ヒロアカ 第一部
一次試験終了の合図が響く。定員に達したんだろうそれに、二次試験の合図を聞き逃す訳にいかないから中に入った。
随分と人気の増えた室内に彼奴らを探すのは諦める。
片耳だけイヤホンをつけて、壁に凭れて目を瞑っていればスピーカーのスイッチが入った。
イヤホンを抜いて顔を上げる。現れたモニターにはさっきまで使っていた試験会場が映っていて、その会場が爆発し始める。規模がでかい演出を眺めていれば倒壊は落ち着いて、上がった土煙に人影が映った。

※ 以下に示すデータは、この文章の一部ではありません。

lemma sum_PE_Omega_tendsto:
  assumes "2 \<le> s"
  shows "(\<lambda>z. \<Sum>w\<in>Omega s z. PE s w) \<longlonglongrightarrow> lambda_s s"
proof -
  define c where "c = (1 / real s) ^ s / fact s"
  define T where "T = composition_sum (1 / real s) s"
  define Q where "Q z = (\<Sum>w\<in>{w\<in>Omega s z. card w < s}. \<Prod>x\<in>w. real x powr (1 / real s - 1))" for z
  have T: "T \<longlonglongrightarrow> Gamma (1 / real s) ^ s"
    unfolding T_def using assms by (intro composition_sum_tendsto_Gamma_power) simp
  have Q: "Q \<longlonglongrightarrow> 0"
    unfolding Q_def using assms by (intro sum_small_Omega_tendsto_zero) simp
  have "(\<lambda>z. c * (T z - real (s ^ s) * Q z)) \<longlonglongrightarrow> c * Gamma (1 / real s) ^ s"
    using tendsto_mult[OF tendsto_const[of c] tendsto_diff[OF T tendsto_mult[OF tendsto_const Q]]]
    by simp
  moreover have "(\<lambda>z. c * T z + Q z) \<longlonglongrightarrow> c * Gamma (1 / real s) ^ s"
    using tendsto_add[OF tendsto_mult[OF tendsto_const[of c] T] Q] by simp
  ultimately have "(\<lambda>z. \<Sum>w\<in>Omega s z. PE s w) \<longlonglongrightarrow> c * Gamma (1 / real s) ^ s"
    by (rule tendsto_sandwich[rotated 2])
      (use sum_PE_Omega_bounds[of s] assms
        in \<open>auto intro!: always_eventually simp: c_def T_def Q_def\<close>)
  thus ?thesis by (simp add: lambda_s_def c_def power_divide mult.commute)
qed

theorem lemma2:
  fixes s :: nat
  assumes "s \<ge> 2"
  shows "(\<lambda>z::nat. \<Sum>w\<in>Omega s z. PE s w) \<sim>[at_top] (\<lambda>_. lambda_s s)"
proof (rule tendsto_imp_asymp_equiv_const)
  show "(\<lambda>z. \<Sum>w\<in>Omega s z. PE s w) \<longlonglongrightarrow> lambda_s s"
    using assms by (rule sum_PE_Omega_tendsto)
  have "Gamma (1 / real s) > 0" using assms by (intro Gamma_real_pos) simp
  hence "Gamma (1 / real s) \<noteq> 0" by linarith
  thus "lambda_s s \<noteq> 0" using assms by (simp add: lambda_s_def)
qed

「彼らはHUCの皆様です。二次試験は彼らの救出です。最後の要救出者が避難地区にたどりついた時点で試験が終了いたします」
ざわめき始めた会場内。誘導されて全員待合室から追い出されて、開始の合図が響きわたった。
『すぅ…ふぅ』
一つ、大きく呼吸をして。表情を切り替える。
ディスプレイ越しでも見ていたけど、先程までいた試験会場は悲惨だ。破壊されてそこから現れてる避難者役たちを探し出すのは索敵能力の高い人間がいないと厳しそうだった。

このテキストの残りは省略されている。